We could ease the one-use checks for the 'clear'
(no 'not' op) half of the transform, but I do not
know if that asymmetry would make things better
or worse.

Proofs:
https://rise4fun.com/Alive/uVB

Name: masked bit set
%sh1 = shl i32 1, %y
%and = and i32 %sh1, %x
%cmp = icmp ne i32 %and, 0
%r = zext i1 %cmp to i32
=>
%s = lshr i32 %x, %y
%r = and i32 %s, 1

Name: masked bit clear
%sh1 = shl i32 1, %y
%and = and i32 %sh1, %x
%cmp = icmp eq i32 %and, 0
%r = zext i1 %cmp to i32
=>
%xn = xor i32 %x, -1
%s = lshr i32 %xn, %y
%r = and i32 %s, 1

Note: this is a re-post of a patch that I committed at:
rGa041c4ec6f7a

I thought the change was small and obviously good, so I did not post it for pre-commit review per policy:
http://llvm.org/docs/DeveloperPolicy.html#obtaining-commit-access

The commit was reverted though:
rGb212eb7159b40c98b3c40619b82b996fb903282b

So either I am not seeing the problem with this patch, or it is uncovering a problem in another part of LLVM.

Diff Detail

Event Timeline

spatel created this revision.Jan 8 2020, 6:19 AM
Herald added a project: Restricted Project. · View Herald TranscriptJan 8 2020, 6:19 AM
spatel edited the summary of this revision. (Show Details)Jan 8 2020, 6:20 AM

Internally, I can see that either (1) this causes the following code to miscompile, or (2) the code is UB:
https://github.com/grpc/grpc/blob/master/src/core/ext/transport/chttp2/transport/frame_settings.cc#L48
Note that in that code the two checks on lines 57 and 64 are related if that helps.

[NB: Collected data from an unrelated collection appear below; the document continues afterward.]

lemma norm_integral_ball_holomorphic_diff_le:
  fixes g :: "complex \<Rightarrow> complex"
  assumes hol: "g holomorphic_on ball 0 R" and cont: "continuous_on (cball 0 R) g"
    and M: "\<And>z. z \<in> sphere 0 R \<Longrightarrow> cmod (g z) \<le> M"
    and r: "0 \<le> r" "r < R" and N: "N \<ge> 1"
  shows "cmod (integral (ball 0 r) (\<lambda>x. g (complex_of_vec x) - g 0))
           \<le> measure lebesgue (ball (0::real^2) r) * (M * (r/R)^N / (1 - r/R))"
proof -
  define \<omega> where "\<omega> = exp (2 * complex_of_real pi * \<i> / of_nat N)"
  define k where "k z = g z - g 0" for z
  define B where "B = M * (r/R)^N / (1 - r/R)"
  define I where "I = integral (ball 0 r) (\<lambda>x. k (complex_of_vec x))"
  have norm_\<omega>: "cmod (\<omega>^j) = 1" for j
    by (simp add: \<omega>_def norm_power)
  have cont_k: "continuous_on (cball 0 r) (\<lambda>z. k (\<omega>^j * z))" for j
    unfolding k_def using r norm_\<omega>[of j]
    by (intro continuous_intros continuous_on_compose2[OF cont]) (auto simp: norm_mult)
  have int: "(\<lambda>x. k (\<omega>^j * complex_of_vec x)) integrable_on ball 0 r" for j
    by (rule integrable_on_ball_complex_of_vec[OF cont_k])
  have "integral (ball 0 r) (\<lambda>x. \<Sum>j<N. k (\<omega>^j * complex_of_vec x))
        = (\<Sum>j<N. integral (ball 0 r) (\<lambda>x. k (\<omega>^j * complex_of_vec x)))"
    by (rule integral_sum) (auto intro: int)
  also have "\<dots> = of_nat N * I"
    using integral_ball_rotation[OF cont_k[of 0] norm_\<omega>] by (simp add: I_def)
  finally have sum_eq: "integral (ball 0 r) (\<lambda>x. \<Sum>j<N. k (\<omega>^j * complex_of_vec x)) = of_nat N * I" .
  have "cmod (\<Sum>j<N. k (\<omega>^j * complex_of_vec x)) \<le> real N * B" if "x \<in> ball 0 r" for x
    using norm_sum_rotations_diff_le[OF hol cont M _ r(2) N, of "complex_of_vec x"] that
    by (simp add: k_def sum_subtractf \<omega>_def B_def)
  then have "cmod (of_nat N * I) \<le> integral (ball (0::real^2) r) (\<lambda>x. real N * B)"
    unfolding sum_eq[symmetric]
    by (intro integral_norm_bound_integral integrable_sum int) (auto intro: integrable_on_const)
  also have "\<dots> = measure lebesgue (ball (0::real^2) r) *\<^sub>R (real N * B)"
    by (rule integral_unique[OF has_integral_const_lmeasurable]) simp
  finally have "real N * cmod I \<le> real N * (measure lebesgue (ball (0::real^2) r) * B)"
    by (simp add: norm_mult mult_ac)
  then have "cmod I \<le> measure lebesgue (ball (0::real^2) r) * B"
    by (rule mult_left_le_imp_le) (use N in simp)
  then show ?thesis
    by (simp add: I_def k_def B_def)
qed
(* Let $G$ be a very well-covered graph of girth at least $4$ (i.e., $G$ contains no triangle). Then the following are equivalent: (i) $\Psi(G)$ is a greedoid on $V(G)$; (ii) $G$ has a unique maximum matching (equivalently, since $G$ has a perfect matching, $G$ has a unique perfect matching).
   Context: All graphs are finite, simple, undirected. For $A\subseteq V(G)$, $N(A)=\{v\in V(G)-A: N(v)\cap A\neq\emptyset\}$ and $N[A]=A\cup N(A)$; $G[X]$ is the subgraph induced by $X$. A stable set is a set of pairwise non-adjacent vertices; $\alpha(G)$ is the maximum size of a stable set. $G$ is well-covered if all its maximal stable sets have the same cardinality, and very well-covered if it is well-covered, has no isolated vertices, and $|V(G)|=2\alpha(G)$. A set $A\subseteq V(G)$ is a local maximum stable set of $G$ if $A$ is a maximum stable set of $G[N[A]]$; $\Psi(G)$ denotes the family of all local maximum stable sets of $G$. A greedoid on a finite set $V$ is a non-empty family $\mathcal{F}\subseteq 2^V$ such that (Accessibility) every non-empty $X\in\mathcal{F}$ has an element $x\in X$ with $X-\{x\}\in\mathcal{F}$, and (Exchange) for all $X,Y\in\mathcal{F}$ with $|X|=|Y|+1$ there is $x\in X-Y$ with $Y\cup\{x\}\in\mathcal{F}$. *)

theory Defs
  imports Main
begin

definition graph :: "'a set \<Rightarrow> 'a set set \<Rightarrow> bool" where
  "graph V E \<longleftrightarrow> finite V \<and> (\<forall>e\<in>E. \<exists>u v. e = {u, v} \<and> u \<noteq> v \<and> u \<in> V \<and> v \<in> V)"

definition adj :: "'a set set \<Rightarrow> 'a \<Rightarrow> 'a \<Rightarrow> bool" where
  "adj E u v \<longleftrightarrow> {u, v} \<in> E"

definition nbhd :: "'a set \<Rightarrow> 'a set set \<Rightarrow> 'a set \<Rightarrow> 'a set" where
  "nbhd V E A = {v \<in> V - A. \<exists>a\<in>A. adj E v a}"

definition cnbhd :: "'a set \<Rightarrow> 'a set set \<Rightarrow> 'a set \<Rightarrow> 'a set" where
  "cnbhd V E A = A \<union> nbhd V E A"

definition stable_in :: "'a set set \<Rightarrow> 'a set \<Rightarrow> 'a set \<Rightarrow> bool" where
  "stable_in E X S \<longleftrightarrow> S \<subseteq> X \<and> (\<forall>u\<in>S. \<forall>v\<in>S. \<not> adj E u v)"

definition max_stable_in :: "'a set set \<Rightarrow> 'a set \<Rightarrow> 'a set \<Rightarrow> bool" where
  "max_stable_in E X S \<longleftrightarrow> stable_in E X S \<and> (\<forall>T. stable_in E X T \<longrightarrow> card T \<le> card S)"

definition maximal_stable_in :: "'a set set \<Rightarrow> 'a set \<Rightarrow> 'a set \<Rightarrow> bool" where
  "maximal_stable_in E X S \<longleftrightarrow> stable_in E X S \<and> (\<forall>T. stable_in E X T \<and> S \<subseteq> T \<longrightarrow> T = S)"

definition alpha :: "'a set \<Rightarrow> 'a set set \<Rightarrow> nat" where
  "alpha V E = Max (card ` {S. stable_in E V S})"

definition well_covered :: "'a set \<Rightarrow> 'a set set \<Rightarrow> bool" where
  "well_covered V E \<longleftrightarrow> (\<forall>S. maximal_stable_in E V S \<longrightarrow> card S = alpha V E)"

definition very_well_covered :: "'a set \<Rightarrow> 'a set set \<Rightarrow> bool" where
  "very_well_covered V E \<longleftrightarrow> well_covered V E \<and> (\<forall>v\<in>V. \<exists>u\<in>V. adj E v u)
     \<and> card V = 2 * alpha V E"

definition triangle_free :: "'a set \<Rightarrow> 'a set set \<Rightarrow> bool" where
  "triangle_free V E \<longleftrightarrow> \<not> (\<exists>a\<in>V. \<exists>b\<in>V. \<exists>c\<in>V. adj E a b \<and> adj E b c \<and> adj E a c)"

definition local_max_stable :: "'a set \<Rightarrow> 'a set set \<Rightarrow> 'a set \<Rightarrow> bool" where
  "local_max_stable V E A \<longleftrightarrow> A \<subseteq> V \<and> max_stable_in E (cnbhd V E A) A"

definition Psi :: "'a set \<Rightarrow> 'a set set \<Rightarrow> 'a set set" where
  "Psi V E = {A. local_max_stable V E A}"

definition greedoid :: "'a set \<Rightarrow> 'a set set \<Rightarrow> bool" where
  "greedoid V F \<longleftrightarrow> F \<noteq> {} \<and> F \<subseteq> Pow V
     \<and> (\<forall>X\<in>F. X \<noteq> {} \<longrightarrow> (\<exists>x\<in>X. X - {x} \<in> F))
     \<and> (\<forall>X\<in>F. \<forall>Y\<in>F. card X = card Y + 1 \<longrightarrow> (\<exists>x\<in>X - Y. Y \<union> {x} \<in> F))"

definition matching :: "'a set set \<Rightarrow> 'a set set \<Rightarrow> bool" where
  "matching E M \<longleftrightarrow> M \<subseteq> E \<and> (\<forall>e\<in>M. \<forall>f\<in>M. e \<noteq> f \<longrightarrow> e \<inter> f = {})"

definition maximum_matching :: "'a set set \<Rightarrow> 'a set set \<Rightarrow> bool" where
  "maximum_matching E M \<longleftrightarrow> matching E M \<and> (\<forall>M'. matching E M' \<longrightarrow> card M' \<le> card M)"

end

theory Submission
  imports Defs
begin

(*
  The argument does not need the triangle-freeness
  hypothesis of the statement.

  1. General tools: Hall's marriage theorem, a fixed-point-free permutation inside any finite
     set on which every element has a successor, and induction along accessibility in a greedoid.
  2. Simple graphs: stable sets, matchings, and the mate function of a perfect matching, which is
     a fixed-point-free involution along edges and determines the matching.
  3. Very well-covered graphs satisfy Hall's condition |A| <= |N(A)| for stable sets A; hence they
     have a perfect matching M, and every maximal stable set contains an endpoint of each M-edge.
  4. With m the mate function of M: A is in Psi(G) iff A is stable and m(N(A)) is contained in A.
  5. If M is the only perfect matching, a failure of accessibility or of exchange would give an
     M-alternating cycle and thus a second perfect matching. Conversely, if Psi(G) is a greedoid,
     accessibility keeps every member of Psi(G) away from the vertices where a second perfect
     matching differs from M, but a maximal stable set through such a vertex belongs to Psi(G).
  As perfect and maximum matchings coincide here, the theorem follows.
*)

definition hall_condition :: "'i set \<Rightarrow> ('i \<Rightarrow> 'b set) \<Rightarrow> bool" where
  "hall_condition I N \<longleftrightarrow> (\<forall>J\<subseteq>I. card J \<le> card (\<Union>(N ` J)))"

lemma hall_condition_mono:
  "hall_condition I N \<Longrightarrow> J \<subseteq> I \<Longrightarrow> hall_condition J N"
  unfolding hall_condition_def by blast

Working on providing a small reproducible test case.

Internally, I can see that either (1) this causes the following code to miscompile, or (2) the code is UB:
https://github.com/grpc/grpc/blob/master/src/core/ext/transport/chttp2/transport/frame_settings.cc#L48
Note that in that code the two checks on lines 57 and 64 are related if that helps.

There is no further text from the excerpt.